*** DATA EXTRACT Section Begins ***
(* Suppose there exist $\psi$ as in the context and positive finite numbers $I_{ij}$, $i\ne j\in\mathcal N_0$, such that for all $\varepsilon>0$ and all $i\ne j$, $$\lim_{L\to\infty}\mathsf P_i\Big\{\frac{1}{\psi(L)}\max_{1\le n\le L}\lambda_{ij}(n)\ge(1+\varepsilon)I_{ij}\Big\}=0 .$$ Then for all $i\in\mathcal N_0$ and every $0<\varepsilon<1$, $$\lim_{\alpha_{\max}\to0}\inf_{D\in\mathbb C_{\rm sim}(\boldsymbol\alpha)}\mathsf P_i\Big\{T>\Psi\Big((1-\varepsilon)\max_{j\in\mathcal N_0\setminus i}\frac{|\log\alpha_{ji}|}{I_{ij}}\Big)\Big\}=1,$$ and for all $r\ge1$ and $i\in\mathcal N_0$, as $\alpha_{\max}\to0$, $$\inf_{D\in\mathbb C_{\rm sim}(\boldsymbol\alpha)}\mathsf E_i[T^r]\ge\Big[\Psi\Big(\max_{j\in\mathcal N_0\setminus i}\frac{|\log\alpha_{ji}|}{I_{ij}}\Big)\Big]^r(1+o(1)).$$
   Context: Observations $X_1,X_2,\dots$, $\mathcal F_n=\sigma(X_1,\dots,X_n)$, $\mathbf X_1^n=(X_1,\dots,X_n)$. There are $N+1$ simple hypotheses $H_i:\mathsf P=\mathsf P_i$, $i\in\mathcal N_0=\{0,1,\dots,N\}$ ($N\ge1$), where $\mathsf P_i$ restricted to $\mathcal F_n$ has density $p_{i,n}(\mathbf X_1^n)=\prod_{t=1}^n f_{i,t}(X_t\mid\mathbf X_1^{t-1})$, these restrictions being mutually absolutely continuous; $\mathsf E_i$ is expectation under $\mathsf P_i$; $\lambda_{ij}(n)=\log[p_{i,n}(\mathbf X_1^n)/p_{j,n}(\mathbf X_1^n)]$. A test $D=(T,d)$ consists of a stopping time $T$ w.r.t. $(\mathcal F_n)$ and an $\mathcal F_T$-measurable decision $d\in\mathcal N_0$. For $\boldsymbol\alpha=(\alpha_{ij})_{i\ne j}$, $\alpha_{ij}\in(0,1)$: $\mathbb C_{\rm sim}(\boldsymbol\alpha)=\{D:\mathsf P_i(d=j)\le\alpha_{ij}\ \forall i\ne j\}$, $\alpha_{\max}=\max_{i\ne j}\alpha_{ij}$; limits as $\alpha_{\max}\to0$ are along families with $|\log\alpha_{ij}|/|\log\alpha_{\max}|\to c_{ij}\in(0,1]$. The function $\psi:\mathbb R_+\to\mathbb R_+$ is increasing and one-to-one with $\psi(t)\to\infty$; $\Psi=\psi^{-1}$, $\Psi(t)\to\infty$, and $\lim_{\delta\to1}\lim_{t\to\infty}\Psi(\delta t)/\Psi(t)=1$. *)

theory Defs
  imports "HOL-Probability.Probability"
begin

definition obs_filt :: "'w measure \<Rightarrow> (nat \<Rightarrow> 'w \<Rightarrow> 'b) \<Rightarrow> 'b measure \<Rightarrow> nat \<Rightarrow> 'w measure" where
  "obs_filt M X Nb n =
     sigma (space M) {X t -` A \<inter> space M | t A. t \<in> {1..n} \<and> A \<in> sets Nb}"

text \<open>lam i j n is the log-likelihood ratio log (p_{i,n}/p_{j,n}) of the restrictions of
  P i and P j to F n: it is F n-measurable and exp (lam i j n) is the Radon-Nikodym
  density of (P i)|F n with respect to (P j)|F n.\<close>
definition is_llr ::
  "'w measure \<Rightarrow> (nat \<Rightarrow> 'w \<Rightarrow> 'b) \<Rightarrow> 'b measure \<Rightarrow> nat \<Rightarrow> (nat \<Rightarrow> 'w measure)
     \<Rightarrow> (nat \<Rightarrow> nat \<Rightarrow> nat \<Rightarrow> 'w \<Rightarrow> real) \<Rightarrow> bool" where
  "is_llr M X Nb N P lam \<longleftrightarrow>
     (\<forall>i\<le>N. \<forall>j\<le>N. \<forall>n.
        lam i j n \<in> borel_measurable (obs_filt M X Nb n) \<and>
        (\<forall>A\<in>sets (obs_filt M X Nb n).
           emeasure (P i) A = (\<integral>\<^sup>+ \<omega>\<in>A. ennreal (exp (lam i j n \<omega>)) \<partial>(P j))))"

text \<open>A test D = (T, d): T a stopping time w.r.t. (F n), d an F_T-measurable decision in {0..N}.\<close>
definition is_test ::
  "'w measure \<Rightarrow> (nat \<Rightarrow> 'w \<Rightarrow> 'b) \<Rightarrow> 'b measure \<Rightarrow> nat \<Rightarrow> ('w \<Rightarrow> nat) \<Rightarrow> ('w \<Rightarrow> nat) \<Rightarrow> bool" where
  "is_test M X Nb N T d \<longleftrightarrow>
     (\<forall>n. {\<omega>\<in>space M. T \<omega> \<le> n} \<in> sets (obs_filt M X Nb n)) \<and>
     (\<forall>\<omega>\<in>space M. d \<omega> \<le> N) \<and>
     (\<forall>j n. {\<omega>\<in>space M. d \<omega> = j \<and> T \<omega> \<le> n} \<in> sets (obs_filt M X Nb n))"

definition C_sim ::
  "'w measure \<Rightarrow> (nat \<Rightarrow> 'w \<Rightarrow> 'b) \<Rightarrow> 'b measure \<Rightarrow> nat \<Rightarrow> (nat \<Rightarrow> 'w measure)
     \<Rightarrow> (nat \<Rightarrow> nat \<Rightarrow> real) \<Rightarrow> (('w \<Rightarrow> nat) \<times> ('w \<Rightarrow> nat)) set" where
  "C_sim M X Nb N P \<alpha> =
     {(T, d). is_test M X Nb N T d \<and>
        (\<forall>i\<le>N. \<forall>j\<le>N. i \<noteq> j \<longrightarrow> measure (P i) {\<omega>\<in>space M. d \<omega> = j} \<le> \<alpha> i j)}"
lemma upper_small_key_ipoly_ineq:
  assumes "0 < y" "y \<le> 17689/10000"
  shows "720 * 45360 ^ 9 * ipoly [120, -20, 1] y ^ 10
    < 3 ^ 9 * 120 ^ 10 * (ipoly [720, -360, 30, -1] y * ipoly [15120, -1512, 54, -1] y ^ 9)"
proof -
  let ?p = "ipoly_add (map ((*) (3 ^ 9 * 120 ^ 10))
      (ipoly_mult [720, -360, 30, -1] (ipoly_power [15120, -1512, 54, -1] 9)))
    (map ((*) (- 720 * 45360 ^ 9)) (ipoly_power [120, -20, 1] 10))"
  have "0 < ipoly ?p y"
  proof (rule pos_cert_interval[where n = 30 and m = 17689 and k = 0 and N = 10000])
    show "pos_cert 30 (ipoly_rescale 17689 1 (ipoly_shift 0 (ipoly_rescale 1 10000 ?p)))"
      by code_simp
  qed (use assms in auto)
  then show ?thesis
    by (simp only: ipoly_add ipoly_map_mult ipoly_mult ipoly_power) simp
qed

lemma upper_large_key_ipoly_ineq:
  assumes "10143/4900 < y" "y \<le> 121/49"
  shows "60000 * 5040 ^ 11 * (ipoly [40320, -20160, 1680, -56, 1] y * ipoly [280, -28, 1] y ^ 10)
    < 40320 * 840 ^ 10 * ipoly [5040, -840, 42, -1] y ^ 11"
proof -
  let ?p = "ipoly_add (map ((*) (40320 * 840 ^ 10)) (ipoly_power [5040, -840, 42, -1] 11))
    (map ((*) (- 60000 * 5040 ^ 11))
      (ipoly_mult [40320, -20160, 1680, -56, 1] (ipoly_power [280, -28, 1] 10)))"
  have "0 < ipoly ?p y"
  proof (rule pos_cert_interval[where n = 30 and m = 1957 and k = 10143 and N = 4900])
    show "pos_cert 30 (ipoly_rescale 1957 1 (ipoly_shift 10143 (ipoly_rescale 1 4900 ?p)))"
      by code_simp
  qed (use assms in auto)
  then show ?thesis
    by (simp only: ipoly_add ipoly_map_mult ipoly_mult ipoly_power) simp
qed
*** DATA EXTRACT Section Ends ***
■ **EXERCISE INSTRUCTIONS**
Going back to the entries above, set down exactly the lines that begin at the one with "sigma (space M)" and end at the one with "N T d \<and>", both included, and nothing else.

■ **YOUR SOLUTION**
     sigma (space M) {X t -` A \<inter> space M | t A. t \<in> {1..n} \<and> A \<in> sets Nb}"

text \<open>lam i j n is the log-likelihood ratio log (p_{i,n}/p_{j,n}) of the restrictions of
  P i and P j to F n: it is F n-measurable and exp (lam i j n) is the Radon-Nikodym
  density of (P i)|F n with respect to (P j)|F n.\<close>
definition is_llr ::
  "'w measure \<Rightarrow> (nat \<Rightarrow> 'w \<Rightarrow> 'b) \<Rightarrow> 'b measure \<Rightarrow> nat \<Rightarrow> (nat \<Rightarrow> 'w measure)
     \<Rightarrow> (nat \<Rightarrow> nat \<Rightarrow> nat \<Rightarrow> 'w \<Rightarrow> real) \<Rightarrow> bool" where
  "is_llr M X Nb N P lam \<longleftrightarrow>
     (\<forall>i\<le>N. \<forall>j\<le>N. \<forall>n.
        lam i j n \<in> borel_measurable (obs_filt M X Nb n) \<and>
        (\<forall>A\<in>sets (obs_filt M X Nb n).
           emeasure (P i) A = (\<integral>\<^sup>+ \<omega>\<in>A. ennreal (exp (lam i j n \<omega>)) \<partial>(P j))))"

text \<open>A test D = (T, d): T a stopping time w.r.t. (F n), d an F_T-measurable decision in {0..N}.\<close>
definition is_test ::
  "'w measure \<Rightarrow> (nat \<Rightarrow> 'w \<Rightarrow> 'b) \<Rightarrow> 'b measure \<Rightarrow> nat \<Rightarrow> ('w \<Rightarrow> nat) \<Rightarrow> ('w \<Rightarrow> nat) \<Rightarrow> bool" where
  "is_test M X Nb N T d \<longleftrightarrow>
     (\<forall>n. {\<omega>\<in>space M. T \<omega> \<le> n} \<in> sets (obs_filt M X Nb n)) \<and>
     (\<forall>\<omega>\<in>space M. d \<omega> \<le> N) \<and>
     (\<forall>j n. {\<omega>\<in>space M. d \<omega> = j \<and> T \<omega> \<le> n} \<in> sets (obs_filt M X Nb n))"

definition C_sim ::
  "'w measure \<Rightarrow> (nat \<Rightarrow> 'w \<Rightarrow> 'b) \<Rightarrow> 'b measure \<Rightarrow> nat \<Rightarrow> (nat \<Rightarrow> 'w measure)
     \<Rightarrow> (nat \<Rightarrow> nat \<Rightarrow> real) \<Rightarrow> (('w \<Rightarrow> nat) \<times> ('w \<Rightarrow> nat)) set" where
  "C_sim M X Nb N P \<alpha> =
     {(T, d). is_test M X Nb N T d \<and>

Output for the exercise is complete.